Vale la pena repetirlo: El pacto del siglo XX fue la disuasión, y si nos descuidamos, el del siglo XXI será el exterminio. Nos estamos descuidando y sin quererlo, estamos siendo arrastrados en esa dirección. Un par de ejemplos sirven para ilustrarlo. Ante la imposibilidad real de utilizar el armamento nuclear estratégico para fines militares (más allá de la guerra sicológica) sin incurrir en la Doctrina de la “Destrucción Mutua Asegurada” (MAD por sus siglas en inglés), hoy las baterías “creativas” se encuentran puestas llevar el potencial explosivo de la descomposición del átomo al armamento convencional, es decir, se busca la “nuclearización de la guerra convencional”, en este sentido, los misiles “enriquecidos” con uranio empobrecido no son más que el principio. Al mismo tiempo, los Estados Unidos siguen empeñados en habilitar el National Missile Defense (NMD) con el que se acabaría de romper el equilibrio nuclear que comenzó a resquebrajarse tras el abandono unilateral, por orden de George W. Bush, del Tratado ABM de 1972. De concretarse con éxito, el NMD abriría a Washington la posibilidad de lanzar ataques nucleares, cuando sea, contra quien sea, y neutralizar los contraataques de sus víctimas usando satélites para destruir los misiles enemigos. Estos no son hechos aislados, pues se encuentran inscritos en sucesos políticos y económicos de envergadura histórica.
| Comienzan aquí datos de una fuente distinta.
(* Let $K=\langle g,\gamma\rangle$ be a non-trivial torsion-free group, and suppose that for every nonzero $n\in\mathbb{Z}$ we have $\gamma^n\notin\langle\langle g\rangle\rangle_K$. Then there is a finitely generated torsion-free group $\Gamma$ and a non-trivial element $a\in\Gamma$ such that: (1) $K$ embeds as a subgroup of $\Gamma$ (identify $g,\gamma$ with their images); (2) the commutator $[a,\gamma]$ is non-trivial and centralizes $g$; (3) $[a,g]=1$.
   Context: $\langle\langle g\rangle\rangle_K$ denotes the normal closure of $g$ in $K$; $[x,y]$ denotes the group commutator. *)

theory Defs
  imports "HOL-Algebra.Algebra"
begin

definition commutator :: "('a, 'b) monoid_scheme \<Rightarrow> 'a \<Rightarrow> 'a \<Rightarrow> 'a" where
  "commutator G x y = inv\<^bsub>G\<^esub> x \<otimes>\<^bsub>G\<^esub> inv\<^bsub>G\<^esub> y \<otimes>\<^bsub>G\<^esub> x \<otimes>\<^bsub>G\<^esub> y"

definition normal_closure :: "('a, 'b) monoid_scheme \<Rightarrow> 'a set \<Rightarrow> 'a set" where
  "normal_closure G S =
     generate G (\<Union>h \<in> carrier G. \<Union>s \<in> S. {h \<otimes>\<^bsub>G\<^esub> s \<otimes>\<^bsub>G\<^esub> inv\<^bsub>G\<^esub> h})"

definition torsion_free :: "('a, 'b) monoid_scheme \<Rightarrow> bool" where
  "torsion_free G \<longleftrightarrow>
     (\<forall>x \<in> carrier G. \<forall>n::nat. n > 0 \<and> x [^]\<^bsub>G\<^esub> n = \<one>\<^bsub>G\<^esub> \<longrightarrow> x = \<one>\<^bsub>G\<^esub>)"
(* Let $(X,\Sigma)$ be an implicational base with closure operator $\phi$, let $\mathcal{B}^+$ be an antichain of $\mathcal{L}(\Sigma)$, and let $\mathcal{H}=\{X\setminus B\mid B\in\mathcal{B}^+\}$. If $T$ is a transversal of $\mathcal{H}$, then every $T^*\in\mathrm{spex}(T)$ is a transversal of $\mathcal{H}$. In particular, every minimal transversal of $\mathcal{H}$ is independent with respect to $\phi$.
   Context: An implicational base $(X,\Sigma)$ consists of a finite set $X$ and a finite set $\Sigma$ of implications $A\rightarrow b$ with $A\subseteq X$ and $b\in X$. A set $C\subseteq X$ is closed in $\Sigma$ if for every $A\rightarrow b\in\Sigma$, $A\not\subseteq C$ or $b\in C$; $\phi(C)$ denotes the smallest closed set containing $C$. $\mathcal{L}(\Sigma)$ is the lattice of closed sets ordered by inclusion; an antichain of it is a family of pairwise inclusion-incomparable closed sets. A transversal of $\mathcal{H}\subseteq 2^X$ is a set meeting every member of $\mathcal{H}$; minimal means inclusion-minimal. A set $T\subseteq X$ is independent w.r.t. $\phi$ if $x\notin\phi(T\setminus\{x\})$ for every $x\in T$. For $T,I\subseteq X$, $T$ is a generating set of $I$ if $T\subseteq I\subseteq\phi(T)$, and it is minimal if $I\not\subseteq\phi(T\setminus\{x\})$ for all $x\in T$. $\mathrm{spex}(I)$ denotes the set of all minimal generating sets of $I$. *)

theory Defs
  imports Main
begin

text \<open>An implicational base (X, Sigma): X finite, Sigma a finite set of implications
  A \<rightarrow> b, represented as pairs (A, b), with A \<subseteq> X and b \<in> X.\<close>
definition impl_base :: "'a set \<Rightarrow> ('a set \<times> 'a) set \<Rightarrow> bool" where
  "impl_base X \<Sigma> \<longleftrightarrow> finite X \<and> finite \<Sigma> \<and> (\<forall>(A, b) \<in> \<Sigma>. A \<subseteq> X \<and> b \<in> X)"

definition closed_in_base :: "('a set \<times> 'a) set \<Rightarrow> 'a set \<Rightarrow> bool" where
  "closed_in_base \<Sigma> C \<longleftrightarrow> (\<forall>(A, b) \<in> \<Sigma>. \<not> A \<subseteq> C \<or> b \<in> C)"

definition phi :: "'a set \<Rightarrow> ('a set \<times> 'a) set \<Rightarrow> 'a set \<Rightarrow> 'a set" where
  "phi X \<Sigma> C = \<Inter> {D. D \<subseteq> X \<and> C \<subseteq> D \<and> closed_in_base \<Sigma> D}"

definition closed_sets :: "'a set \<Rightarrow> ('a set \<times> 'a) set \<Rightarrow> 'a set set" where
  "closed_sets X \<Sigma> = {C. C \<subseteq> X \<and> closed_in_base \<Sigma> C}"

definition antichain_of :: "'a set \<Rightarrow> ('a set \<times> 'a) set \<Rightarrow> 'a set set \<Rightarrow> bool" where
  "antichain_of X \<Sigma> \<B> \<longleftrightarrow> \<B> \<subseteq> closed_sets X \<Sigma> \<and>
     (\<forall>B1 \<in> \<B>. \<forall>B2 \<in> \<B>. B1 \<noteq> B2 \<longrightarrow> \<not> B1 \<subseteq> B2)"

definition transversal :: "'a set \<Rightarrow> 'a set set \<Rightarrow> 'a set \<Rightarrow> bool" where
  "transversal X \<H> T \<longleftrightarrow> T \<subseteq> X \<and> (\<forall>E \<in> \<H>. T \<inter> E \<noteq> {})"

definition minimal_transversal :: "'a set \<Rightarrow> 'a set set \<Rightarrow> 'a set \<Rightarrow> bool" where
  "minimal_transversal X \<H> T \<longleftrightarrow> transversal X \<H> T \<and>
     (\<forall>T'. T' \<subset> T \<longrightarrow> \<not> transversal X \<H> T')"

definition independent :: "'a set \<Rightarrow> ('a set \<times> 'a) set \<Rightarrow> 'a set \<Rightarrow> bool" where
  "independent X \<Sigma> T \<longleftrightarrow> (\<forall>x \<in> T. x \<notin> phi X \<Sigma> (T - {x}))"

definition min_gen_set :: "'a set \<Rightarrow> ('a set \<times> 'a) set \<Rightarrow> 'a set \<Rightarrow> 'a set \<Rightarrow> bool" where
  "min_gen_set X \<Sigma> T I \<longleftrightarrow> T \<subseteq> I \<and> I \<subseteq> phi X \<Sigma> T \<and>
     (\<forall>x \<in> T. \<not> I \<subseteq> phi X \<Sigma> (T - {x}))"

definition spex :: "'a set \<Rightarrow> ('a set \<times> 'a) set \<Rightarrow> 'a set \<Rightarrow> 'a set set" where
  "spex X \<Sigma> I = {T. min_gen_set X \<Sigma> T I}"

end

theory Submission
  imports Defs
begin

text \<open>A set meets the complement of a closed set B exactly when it is not contained in B, and
  a set is contained in B exactly when its closure is. Hence whether T is a transversal of the
  complements of an antichain of closed sets depends only on the closure of T. Minimal generating sets of T have the
  closure of T, and a non-independent T has the same closure as some T - {x}.\<close>

lemma subset_phi: "C \<subseteq> phi X \<Sigma> C"
  unfolding phi_def by blast

lemma phi_subset_closed: "C \<subseteq> B \<Longrightarrow> B \<in> closed_sets X \<Sigma> \<Longrightarrow> phi X \<Sigma> C \<subseteq> B"
  unfolding phi_def closed_sets_def by (rule Inter_lower) auto

lemma transversal_complements_iff:
  "transversal X ((\<lambda>B. X - B) ` \<B>) T \<longleftrightarrow> T \<subseteq> X \<and> (\<forall>B \<in> \<B>. \<not> T \<subseteq> B)"
  unfolding transversal_def by auto

lemma transversal_complements_if_subset_phi:
  assumes "\<B> \<subseteq> closed_sets X \<Sigma>"
    and "transversal X ((\<lambda>B. X - B) ` \<B>) T"
    and "S \<subseteq> X" and "T \<subseteq> phi X \<Sigma> S"
  shows "transversal X ((\<lambda>B. X - B) ` \<B>) S"
  unfolding transversal_complements_iff
proof (intro conjI ballI notI)
  show "S \<subseteq> X" by fact
  fix B assume "B \<in> \<B>" and "S \<subseteq> B"
  then have "T \<subseteq> B"
    using assms(1,4) phi_subset_closed by blast
  with \<open>B \<in> \<B>\<close> show False
    using assms(2) unfolding transversal_complements_iff by blast
qed

lemma min_gen_set_subset_phi:
  assumes "min_gen_set X \<Sigma> T' T"
  shows "T' \<subseteq> T" and "T \<subseteq> phi X \<Sigma> T'"
  using assms unfolding min_gen_set_def by auto

lemma subset_phi_remove_if_not_independent:
  assumes "x \<in> phi X \<Sigma> (T - {x})"
  shows "T \<subseteq> phi X \<Sigma> (T - {x})"
  using assms subset_phi[of "T - {x}" X \<Sigma>] by blast

lemma independent_if_minimal_transversal_complements:
  assumes "\<B> \<subseteq> closed_sets X \<Sigma>"
    and "minimal_transversal X ((\<lambda>B. X - B) ` \<B>) T"
  shows "independent X \<Sigma> T"
  unfolding independent_def
proof (intro ballI notI)
  fix x assume "x \<in> T" and "x \<in> phi X \<Sigma> (T - {x})"
  have T: "transversal X ((\<lambda>B. X - B) ` \<B>) T"
    using assms(2) unfolding minimal_transversal_def by blast
  then have "T - {x} \<subseteq> X"
    unfolding transversal_def by blast
  with T have "transversal X ((\<lambda>B. X - B) ` \<B>) (T - {x})"
    using transversal_complements_if_subset_phi assms(1)
      subset_phi_remove_if_not_independent[OF \<open>x \<in> phi X \<Sigma> (T - {x})\<close>] by blast
  moreover have "T - {x} \<subset> T" using \<open>x \<in> T\<close> by blast
  ultimately show False
    using assms(2) unfolding minimal_transversal_def by blast
qed

theorem lemma2:
  fixes X :: "'a set" and \<Sigma> :: "('a set \<times> 'a) set" and \<B> :: "'a set set"
  assumes "impl_base X \<Sigma>"
    and "antichain_of X \<Sigma> \<B>"
  shows "(\<forall>T. transversal X ((\<lambda>B. X - B) ` \<B>) T \<longrightarrow>
            (\<forall>T' \<in> spex X \<Sigma> T. transversal X ((\<lambda>B. X - B) ` \<B>) T'))
       \<and> (\<forall>T. minimal_transversal X ((\<lambda>B. X - B) ` \<B>) T \<longrightarrow> independent X \<Sigma> T)"
proof (intro conjI allI impI ballI)
  have closed: "\<B> \<subseteq> closed_sets X \<Sigma>"
    using assms(2) unfolding antichain_of_def by blast
  fix T T'
  assume T: "transversal X ((\<lambda>B. X - B) ` \<B>) T" and "T' \<in> spex X \<Sigma> T"
  then have "T' \<subseteq> T" "T \<subseteq> phi X \<Sigma> T'"
    using min_gen_set_subset_phi unfolding spex_def by blast+
  moreover have "T \<subseteq> X"
    using T unfolding transversal_def by blast
  ultimately show "transversal X ((\<lambda>B. X - B) ` \<B>) T'"
    using transversal_complements_if_subset_phi[OF closed T] by blast
next
  fix T
  assume "minimal_transversal X ((\<lambda>B. X - B) ` \<B>) T"
  then show "independent X \<Sigma> T"
    using independent_if_minimal_transversal_complements assms(2)
    unfolding antichain_of_def by blast
qed

end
Por un lado, todo esto ocurre a la par de la mayor reestructuración burocrática del gobierno estadounidense de los últimos 50 años: el diseño y creación del Homeland Security Deparment que en esencia no es más que la oficialización del Estado totalitario en la que se autodenomina “la mayor democracia del mundo”; al mismo tiempo, Washington hoy opera con una economía de guerra: el presupuesto militar que se aprobó en los Estados Unidos para esta administración es el más elevado en la historia. El equivalente: 15 veces superior al de todos los demás países juntos.

Estos no son eventos políticos y económicos pequeños, sus efectos no pueden ser pequeños como tampoco lo serán sus resultados. A la luz de estos eventos, negar que lo ocurrido en Irak es un parteaguas histórico no pasa de ser una necedad. Sin exagerar, el parto de sangre del siglo XXI puede ser el principio del fin.

Muchas novedades macabras se asoman en Irak, particularmente si miramos al futuro, y, aún, como en la tesis del eterno retorno de Nietzche, encontramos indicios que apuntan al pasado, y de donde pueden soplar vientos de esperanza.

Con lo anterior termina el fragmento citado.